La sous-directrice de l’ONFP admet l’ampleur de ce phénomène, notamment après la révolution. Elle affirme que son institution en a fait les frais. «Nous étions traités de tous les noms par les opposants à l’avortement», se souvient-elle. Elle avance que l’ONFP essaye d’y remédier en multipliant les formations visant la clarification des valeurs. «Les prestataires doivent dissocier leurs convictions personnelles de leurs devoirs professionnels. Si certains n’en sont pas capables, ils n’ont qu’à laisser leurs places à d’autres», ajoute notre interlocutrice.
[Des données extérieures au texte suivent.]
(* Let $\mathcal{M}$ be a compact metric space and $T:\mathcal{M}\to\mathcal{M}$ a homeomorphism. Let $(\psi_i)_{i\ge1}$ be continuous functions $\mathcal{M}\to\mathbb{C}$ and for each $N$ let $\boldsymbol\psi=[\psi_1,\dots,\psi_N]^\top$ and $\mathcal{F}_N=\mathrm{span}\{\psi_1,\dots,\psi_N\}$. For each $N$ let sample points $x_1,\dots,x_N\in\mathcal{M}$ satisfy $x_{i+1}=T(x_i)$ for $i\in\{1,\dots,N-1\}$, put $y_i=T(x_i)$, assume the matrix $\frac1N\sum_{i=1}^N\boldsymbol\psi(x_i)\boldsymbol\psi(x_i)^{\mathsf H}$ is invertible, let $\hat\mu_N=\frac1N\sum_{i=1}^N\delta_{x_i}$, and let $\mathcal{K}_{N,N}:\mathcal{F}_N\to\mathcal{F}_N$ be the EDMD operator built from these $N$ functions and $N$ samples. Let $(\lambda_N)$ be a bounded sequence with $\lambda_N$ an eigenvalue of $\mathcal{K}_{N,N}$, let $\phi_N\in\mathcal{F}_N$ be an associated eigenfunction with $\|\phi_N\|_{C(\mathcal{M})}=\sup_{x\in\mathcal{M}}|\phi_N(x)|=1$, and let $\nu_N=\phi_N\,d\hat\mu_N$. Then there exist a subsequence $(N_i)_{i=1}^\infty$, complex-valued Borel measures $\nu,\mu$ on $\mathcal{M}$ and $\lambda\in\mathbb{C}$ such that $\nu_{N_i}\to\nu$ and $\hat\mu_{N_i}\to\mu$ weakly, $\lambda_{N_i}\to\lambda$, and \[ \int_{\mathcal{M}}h\circ T^{-1}\,d\nu=\lambda\int_{\mathcal{M}}h\,d\nu\quad\forall h\in C(\mathcal{M}). \] In addition, $\mu$ is invariant under $T$, and, assuming the Koopman operator $\mathcal{K}:L_2(\mu)\to L_2(\mu)$, $\mathcal{K}\phi=\phi\circ T$, is bounded with $L_2(\mu)$-adjoint $\mathcal{K}^\star$, \[ \int_{\mathcal{M}}\mathcal{K}^\star h\,d\nu=\lambda\int_{\mathcal{M}}h\,d\nu\quad\forall h\in C(\mathcal{M}). \] Furthermore, if $\lambda\neq0$, then \[ \int_{\mathcal{M}}h\circ T\,d\nu=\frac1\lambda\int_{\mathcal{M}}h\,d\nu\quad\forall h\in C(\mathcal{M}), \] i.e., if nonzero, $\nu$ is an eigenmeasure of the Perron–Frobenius operator $(\mathcal{P}\eta)(A)=\eta(T^{-1}(A))$ with eigenvalue $1/\lambda$.
   Context: EDMD operator: with $\boldsymbol\psi(\boldsymbol X)=[\boldsymbol\psi(x_1),\dots,\boldsymbol\psi(x_N)]$, $\boldsymbol\psi(\boldsymbol Y)=[\boldsymbol\psi(y_1),\dots,\boldsymbol\psi(y_N)]$, set $A=\boldsymbol\psi(\boldsymbol Y)\boldsymbol\psi(\boldsymbol X)^\dagger$ (Moore–Penrose pseudoinverse) and $\mathcal{K}_{N,N}(c^{\mathsf H}\boldsymbol\psi)=c^{\mathsf H}A\boldsymbol\psi$, $c\in\mathbb{C}^N$. $\nu_N=\phi_N\,d\hat\mu_N$ is the measure $h\mapsto\frac1N\sum_{i=1}^N h(x_i)\phi_N(x_i)$. Weak convergence of measures $\eta_i\to\eta$ means $\int f\,d\eta_i\to\int f\,d\eta$ for all continuous $f$. $\mu$ is invariant if $\int f\circ T\,d\mu=\int f\,d\mu$ for all continuous $f$. *)

theory Defs
  imports "HOL-Analysis.Analysis"
begin

type_synonym cmat = "nat \<Rightarrow> nat \<Rightarrow> complex"

definition meq :: "nat \<Rightarrow> nat \<Rightarrow> cmat \<Rightarrow> cmat \<Rightarrow> bool" where
  "meq m n A B \<longleftrightarrow> (\<forall>i<m. \<forall>j<n. A i j = B i j)"

definition mmul :: "nat \<Rightarrow> nat \<Rightarrow> nat \<Rightarrow> cmat \<Rightarrow> cmat \<Rightarrow> cmat" where
  "mmul m k n A B = (\<lambda>i j. if i < m \<and> j < n then (\<Sum>l<k. A i l * B l j) else 0)"

definition madj :: "nat \<Rightarrow> nat \<Rightarrow> cmat \<Rightarrow> cmat" where
  "madj m n A = (\<lambda>i j. if i < n \<and> j < m then cnj (A j i) else 0)"

definition midentity :: cmat where
  "midentity = (\<lambda>i j. if i = j then 1 else 0)"

definition invertible_cmat :: "nat \<Rightarrow> cmat \<Rightarrow> bool" where
  "invertible_cmat n G \<longleftrightarrow>
     (\<exists>B. meq n n (mmul n n n G B) midentity \<and> meq n n (mmul n n n B G) midentity)"

text \<open>Moore--Penrose pseudoinverse of an m x n matrix A (an n x m matrix), via the Penrose
  conditions; unique, normalised to be zero outside its index range.\<close>
definition pinv :: "nat \<Rightarrow> nat \<Rightarrow> cmat \<Rightarrow> cmat" where
  "pinv m n A = (THE B. (\<forall>i j. \<not> (i < n \<and> j < m) \<longrightarrow> B i j = 0)
      \<and> meq m n (mmul m m n (mmul m n m A B) A) A
      \<and> meq n m (mmul n n m (mmul n m n B A) B) B
      \<and> meq m m (madj m m (mmul m n m A B)) (mmul m n m A B)
      \<and> meq n n (madj n n (mmul n m n B A)) (mmul n m n B A))"

text \<open>Dictionary psi 1, ..., psi N; sample points xs 1, ..., xs N (1-based, as in the paper).
  psiX N: column j (0-based) is the vector psi(x_(j+1)); psiY likewise with y_i = T x_i.\<close>
definition psiX :: "(nat \<Rightarrow> 'a \<Rightarrow> complex) \<Rightarrow> (nat \<Rightarrow> 'a) \<Rightarrow> cmat" where
  "psiX psi xs = (\<lambda>i j. psi (Suc i) (xs (Suc j)))"

definition psiY :: "(nat \<Rightarrow> 'a \<Rightarrow> complex) \<Rightarrow> ('a \<Rightarrow> 'a) \<Rightarrow> (nat \<Rightarrow> 'a) \<Rightarrow> cmat" where
  "psiY psi T xs = (\<lambda>i j. psi (Suc i) (T (xs (Suc j))))"

definition gram :: "(nat \<Rightarrow> 'a \<Rightarrow> complex) \<Rightarrow> (nat \<Rightarrow> 'a) \<Rightarrow> nat \<Rightarrow> cmat" where
  "gram psi xs N = (\<lambda>i j. (1 / of_nat N) *
      (\<Sum>l\<in>{1..N}. psi (Suc i) (xs l) * cnj (psi (Suc j) (xs l))))"

definition edmd_matrix :: "(nat \<Rightarrow> 'a \<Rightarrow> complex) \<Rightarrow> ('a \<Rightarrow> 'a) \<Rightarrow> (nat \<Rightarrow> 'a) \<Rightarrow> nat \<Rightarrow> cmat" where
  "edmd_matrix psi T xs N = mmul N N N (psiY psi T xs) (pinv N N (psiX psi xs))"

definition fspan :: "(nat \<Rightarrow> 'a \<Rightarrow> complex) \<Rightarrow> nat \<Rightarrow> (nat \<Rightarrow> complex) \<Rightarrow> 'a \<Rightarrow> complex" where
  "fspan psi N c = (\<lambda>y. \<Sum>i<N. cnj (c i) * psi (Suc i) y)"

text \<open>EDMD operator: K_{N,N}(c^H psi) = c^H A psi.\<close>
definition edmd_op :: "(nat \<Rightarrow> 'a \<Rightarrow> complex) \<Rightarrow> ('a \<Rightarrow> 'a) \<Rightarrow> (nat \<Rightarrow> 'a) \<Rightarrow> nat
    \<Rightarrow> (nat \<Rightarrow> complex) \<Rightarrow> 'a \<Rightarrow> complex" where
  "edmd_op psi T xs N c = (\<lambda>y. \<Sum>i<N. \<Sum>j<N.
      cnj (c i) * edmd_matrix psi T xs N i j * psi (Suc j) y)"

text \<open>Integral of f against mu_hat_N = (1/N) sum_i delta_(x_i).\<close>
definition emp_mu :: "(nat \<Rightarrow> 'a) \<Rightarrow> nat \<Rightarrow> ('a \<Rightarrow> complex) \<Rightarrow> complex" where
  "emp_mu xs N f = (1 / of_nat N) * (\<Sum>i\<in>{1..N}. f (xs i))"

text \<open>Integral of f against nu_N = phi_N d mu_hat_N.\<close>
definition emp_nu :: "(nat \<Rightarrow> 'a) \<Rightarrow> nat \<Rightarrow> ('a \<Rightarrow> complex) \<Rightarrow> ('a \<Rightarrow> complex) \<Rightarrow> complex" where
  "emp_nu xs N phi f = (1 / of_nat N) * (\<Sum>i\<in>{1..N}. f (xs i) * phi (xs i))"

text \<open>A complex Borel measure is represented as g d rho, with rho a finite (positive) Borel
  measure and g a rho-integrable complex density (every complex measure has this form,
  e.g. rho = |nu| and g = d nu / d |nu|).\<close>
definition complex_borel_measure :: "'a::topological_space measure \<Rightarrow> ('a \<Rightarrow> complex) \<Rightarrow> bool" where
  "complex_borel_measure rho g \<longleftrightarrow> sets rho = sets borel \<and> finite_measure rho \<and> integrable rho g"

definition cbm_int :: "'a measure \<Rightarrow> ('a \<Rightarrow> complex) \<Rightarrow> ('a \<Rightarrow> complex) \<Rightarrow> complex" where
  "cbm_int rho g h = (LINT y|rho. h y * g y)"

definition L2 :: "'a measure \<Rightarrow> ('a \<Rightarrow> complex) \<Rightarrow> bool" where
  "L2 mu f \<longleftrightarrow> f \<in> borel_measurable mu \<and> integrable mu (\<lambda>y. (cmod (f y))\<^sup>2)"

definition koopman_bounded :: "'a measure \<Rightarrow> ('a \<Rightarrow> 'a) \<Rightarrow> bool" where
  "koopman_bounded mu T \<longleftrightarrow> (\<exists>C. \<forall>f. L2 mu f \<longrightarrow> L2 mu (f \<circ> T) \<and>
      (LINT y|mu. (cmod (f (T y)))\<^sup>2) \<le> C * (LINT y|mu. (cmod (f y))\<^sup>2))"

definition koopman_adjoint :: "'a measure \<Rightarrow> ('a \<Rightarrow> 'a) \<Rightarrow> (('a \<Rightarrow> complex) \<Rightarrow> 'a \<Rightarrow> complex) \<Rightarrow> bool" where
  "koopman_adjoint mu T Ks \<longleftrightarrow> (\<forall>g. L2 mu g \<longrightarrow> L2 mu (Ks g)) \<and>
     (\<forall>f g. L2 mu f \<longrightarrow> L2 mu g \<longrightarrow>
        (LINT y|mu. f (T y) * cnj (g y)) = (LINT y|mu. f y * cnj (Ks g y)))"

end

theory Submission imports Defs "Jordan_Normal_Form.Determinant" "HOL-Library.Diagonal_Subsequence"
begin

(* Evaluated at the samples, the EDMD eigenrelation says phi_N(x_(i+1)) = lambda_N phi_N(x_i) along the
   trajectory, because the EDMD matrix maps psi(X) to psi(Y). Hence the integrals of h o T^-1 and of
   lambda_N h against nu_N differ only by two boundary terms of size O(1/N), and likewise the
   integrals of f o T and f against mu_N; weak limits along a subsequence therefore satisfy the
   eigenrelation and the invariance exactly.

   The limits exist because sub-probability measures on a compact metric space are weakly
   sequentially compact.  This is proved directly: the masses of the cells of nested finite
   2^-k-nets converge along a diagonal subsequence, and the limit measure is the image of Lebesgue
   measure under the quantile map that sends t to the point singled out by the nested cells whose
   limit-mass intervals contain t.  Splitting the weights phi_N(x_i)/N into positive parts dominated
   by 1/N shows that the limit of nu_N has a bounded density g with respect to the limit mu of
   mu_N, which is what the statement about the L2(mu)-adjoint of the Koopman operator needs. *)

section \<open>EDMD eigenfunctions along the sampled trajectory\<close>

definition mat_of_cmat :: "nat \<Rightarrow> cmat \<Rightarrow> complex mat" where
  "mat_of_cmat n A = mat n n (\<lambda>(i, j). A i j)"

lemma mat_of_cmat_carrier: "mat_of_cmat n A \<in> carrier_mat n n"
  by (simp add: mat_of_cmat_def)

lemma mat_of_cmat_index [simp]: "i < n \<Longrightarrow> j < n \<Longrightarrow> mat_of_cmat n A $$ (i, j) = A i j"
  by (simp add: mat_of_cmat_def)

lemma mat_of_cmat_mmul: "mat_of_cmat n (mmul n n n A B) = mat_of_cmat n A * mat_of_cmat n B"
  by (rule eq_matI) (auto simp: mat_of_cmat_def mmul_def scalar_prod_def row_def col_def
      atLeast0LessThan intro!: sum.cong)

lemma mat_of_cmat_one_mult [simp]: "1\<^sub>m n * mat_of_cmat n A = mat_of_cmat n A"
  by (rule left_mult_one_mat[OF mat_of_cmat_carrier])

lemma mat_of_cmat_mult_one [simp]: "mat_of_cmat n A * 1\<^sub>m n = mat_of_cmat n A"
  by (rule right_mult_one_mat[OF mat_of_cmat_carrier])

lemma mat_of_cmat_midentity: "mat_of_cmat n midentity = 1\<^sub>m n"
  by (rule eq_matI) (auto simp: midentity_def mat_of_cmat_def)

lemma meq_iff_mat_of_cmat: "meq n n A B \<longleftrightarrow> mat_of_cmat n A = mat_of_cmat n B"
  unfolding meq_def mat_of_cmat_def mat_eq_iff by auto

lemma sum_atLeast1_atMost_eq_lessThan: "(\<Sum>i\<in>{1..n}. g i) = (\<Sum>i<n. g (Suc i))"
  by (rule sum.reindex_bij_witness[where i=Suc and j="\<lambda>l. l - 1"]) auto

text \<open>If the Gram matrix \<open>G = X X\<^sup>H / N\<close> has an inverse \<open>B\<close>, then \<open>X\<^sup>H B / N\<close> is a right inverse of \<open>X\<close>.\<close>

lemma psiX_right_invertible:
  assumes "invertible_cmat N (gram psi xs N)"
  shows "\<exists>R. meq N N (mmul N N N (psiX psi xs) R) midentity"
proof -
  obtain B where B: "meq N N (mmul N N N (gram psi xs N) B) midentity"
    using assms unfolding invertible_cmat_def by blast
  define X where "X = psiX psi xs"
  define R where "R = (\<lambda>i j. (1 / of_nat N) * (\<Sum>k<N. cnj (X k i) * B k j))"
  have gram: "gram psi xs N i k = (1 / of_nat N) * (\<Sum>l<N. X i l * cnj (X k l))" for i k
    unfolding gram_def X_def psiX_def sum_atLeast1_atMost_eq_lessThan ..
  have "(\<Sum>l<N. X i l * R l j) = (\<Sum>k<N. gram psi xs N i k * B k j)" for i j
  proof -
    have "(\<Sum>l<N. X i l * R l j) = (\<Sum>l<N. \<Sum>k<N. (1 / of_nat N) * (X i l * cnj (X k l)) * B k j)"
      unfolding R_def by (simp add: sum_distrib_left mult_ac)
    also have "\<dots> = (\<Sum>k<N. \<Sum>l<N. (1 / of_nat N) * (X i l * cnj (X k l)) * B k j)"
      by (rule sum.swap)
    also have "\<dots> = (\<Sum>k<N. gram psi xs N i k * B k j)"
      unfolding gram by (simp add: sum_distrib_left sum_distrib_right)
    finally show ?thesis .
  qed
  then have "mmul N N N X R = mmul N N N (gram psi xs N) B"
    unfolding mmul_def by (intro ext) simp
  with B have "meq N N (mmul N N N X R) midentity" by simp
  then show ?thesis unfolding X_def by blast
qed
Rencontrée au planning familial de Douar Hicher, Selma, 27 ans, célibataire, vient prendre le traitement abortif. Consciente de ses droits, elle s’est dite tout de même embarrassée par les regards «inquisiteurs» de certains membres du personnel médical. «Leurs questions étaient intimidantes», raconte-t-elle.

Pourtant, les femmes célibataires semblent généralement bénéficier de plus d’indulgence de la part des prestataires. Docteure Hajri de l’association Tawhida Ben Cheikh explique: «Elles savent qu’elles seraient probablement exclues de la société si elles poursuivaient leur grossesse». Néanmoins, la situation est pire dans les régions intérieures.

D’après elle, le revirement a eu lieu depuis les années 90. C’est une autre génération qui a émergé après. Elle n’a pas du tout la motivation de celles qui l’ont précédé. «Les premières générations du personnel de l’ONFP avaient un discours militant, qu’on qualifierait aujourd’hui de féministe. Depuis, la situation n’a cessé d’empirer», rappelle docteure Hajri. Un constat confirmé par Fatma Tmimi : «Des fois, je sors sidérée après ce que j’entends lors des sessions de formation. Le personnel n’est plus aussi motivé que nous l’étions».

Au niveau des décideurs au sommet de l’Etat, ils semblent dépourvus d’une politique publique sur cette question. En témoigne, les perturbations au niveau de la direction de l’ONFP. «Entre 2011 et 2018, il y a eu 6 à 8 PDG dont certains n’ont assumé leurs fonctions que durant trois mois. Tout ceci sur fond de conflits syndicaux à l’intérieur des administrations, et de règlements de compte avec le ministère». Depuis 2011, 17 ministres se sont relayés à la tête du ministère de la Santé.